- Parakala Location in Telangana, India Parakala Parakala (India)
- Country: India
- State: Telangana
- District: Hanumakonda district

Government
- • Body: Municipality

Area
- • Total: 16.13 km^{2} (6.23 sq mi)

Population (2011)
- • Total: 29,794
- • Density: 1,847/km^{2} (4,784/sq mi)

Languages
- • Official: Telugu
- Time zone: UTC+5:30 (IST)
- PIN: 506164
- Vehicle registration: TS 03

= Parkal =

Parkal is a town in Hanumakonda district of the Indian state of Telangana.

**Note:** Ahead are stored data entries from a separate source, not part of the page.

(* Let $X$ be a compact metric space and $f\colon X\to X$ continuous. If $f$ is expansive and $(X,f)$ has the shadowing property, then $(X,f)$ has $\gamma$-restricted two-sided orbital limit shadowing.
   Context: $f$ is expansive if there is $c>0$ such that for distinct $x,y\in X$ there exists $k\ge0$ with $d(f^k(x),f^k(y))\ge c$. $(X,f)$ has shadowing if for every $\epsilon>0$ there is $\delta>0$ such that for every sequence $\langle x_i\rangle_{i\ge0}$ with $d(f(x_i),x_{i+1})<\delta$ for all $i$ there is $z\in X$ with $d(f^i(z),x_i)<\epsilon$ for all $i\ge0$. A full trajectory is $\langle z_i\rangle_{i\in\mathbb Z}$ with $f(z_i)=z_{i+1}$. For two-sided sequences, $\omega(\langle x_i\rangle)=\bigcap_{M}\overline{\{x_n:n>M\}}$ and $\alpha(\langle x_i\rangle)=\bigcap_M\overline{\{x_n:n<-M\}}$. A two-sided asymptotic pseudo-orbit is $\langle x_i\rangle_{i\in\mathbb Z}$ with $d(f(x_i),x_{i+1})\to0$ as $i\to\pm\infty$. $\gamma$-restricted two-sided orbital limit shadowing: for every two-sided asymptotic pseudo-orbit $\langle x_i\rangle$ with $\alpha(\langle x_i\rangle)=\omega(\langle x_i\rangle)$ there is a full trajectory $\langle z_i\rangle$ with $\alpha(\langle z_i\rangle)=\alpha(\langle x_i\rangle)$ and $\omega(\langle z_i\rangle)=\omega(\langle x_i\rangle)$. *)

theory Defs
  imports "HOL-Analysis.Analysis"
begin

definition expansive :: "'a::metric_space set \<Rightarrow> ('a \<Rightarrow> 'a) \<Rightarrow> bool" where
  "expansive X f \<longleftrightarrow> (\<exists>c>0. \<forall>x\<in>X. \<forall>y\<in>X. x \<noteq> y \<longrightarrow>
      (\<exists>k::nat. dist ((f ^^ k) x) ((f ^^ k) y) \<ge> c))"
lemma free_filter_base_extends_to_total:
  assumes "uncountable (UNIV :: 'a::wellorder set)"
    and "\<And>\<alpha>::'a. countable {\<beta>. \<beta> < \<alpha>}"
    and "filter_base UNIV \<F>" and "stable_countable_inter \<F>" and "\<Inter>\<F> = {}"
  shows "\<exists>\<G>. \<F> \<subseteq> \<G> \<and> filter_base UNIV \<G> \<and> stable_countable_inter \<G> \<and>
             total_filter_base (L_omega1::'a option topology) \<G>"
proof (intro exI conjI)
  show fb: "filter_base UNIV (tail_extension \<F>)"
    using filter_base_tail_extension[OF assms(2,3)]
      stable_free_filter_base_member_uncountable[OF assms(3,4,5)] by blast
  show "total_filter_base L_omega1 (tail_extension \<F>)"
  proof (rule total_filter_base_if_converges)
    show "filter_base (topspace L_omega1) (tail_extension \<F>)"
      using fb by (simp add: topspace_L_omega1)
    show "None \<in> topspace L_omega1" by (simp add: topspace_L_omega1)
    have "\<F> \<noteq> {}" using assms(3) unfolding filter_base_def by blast
    then show "\<exists>B\<in>tail_extension \<F>. B \<subseteq> U" if "openin L_omega1 U" "None \<in> U" for U
      using open_None_contains_tail[OF that] tail_in_tail_extension by blast
  qed
qed (simp_all add: subset_tail_extension stable_countable_inter_tail_extension assms)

== Government and politics ==
Parkal is an Assembly constituency of Telangana Legislative Assembly, India. It is one of 12 constituencies in Warangal district. It is part of Warangal Lok Sabha constituency.

Parkal is a municipality, earlier it was Nagar Panchayat. Parkal Nagar Panchayat was constituted in 2011 and has 20 election wards. The jurisdiction of the civic body is spread over an area of 16.13 km2. It is also the place where Parkala Massacre of 1947 took place. Parkal is a hub for medical, business and agricultural activities. Place worth to visit in Parkal is Amaradhaamam, a monument build to commemorate martyr's of 1947 massacre.

== Transport ==
 Railway station is 20 Km away from Parkal, from this station so many passengers travels to their destinations. And It is (PRKL) well connected through road network. Telangana State Road Transport Corporation runs buses from Parkal to various destinations. National Highway 353 passes through parkal.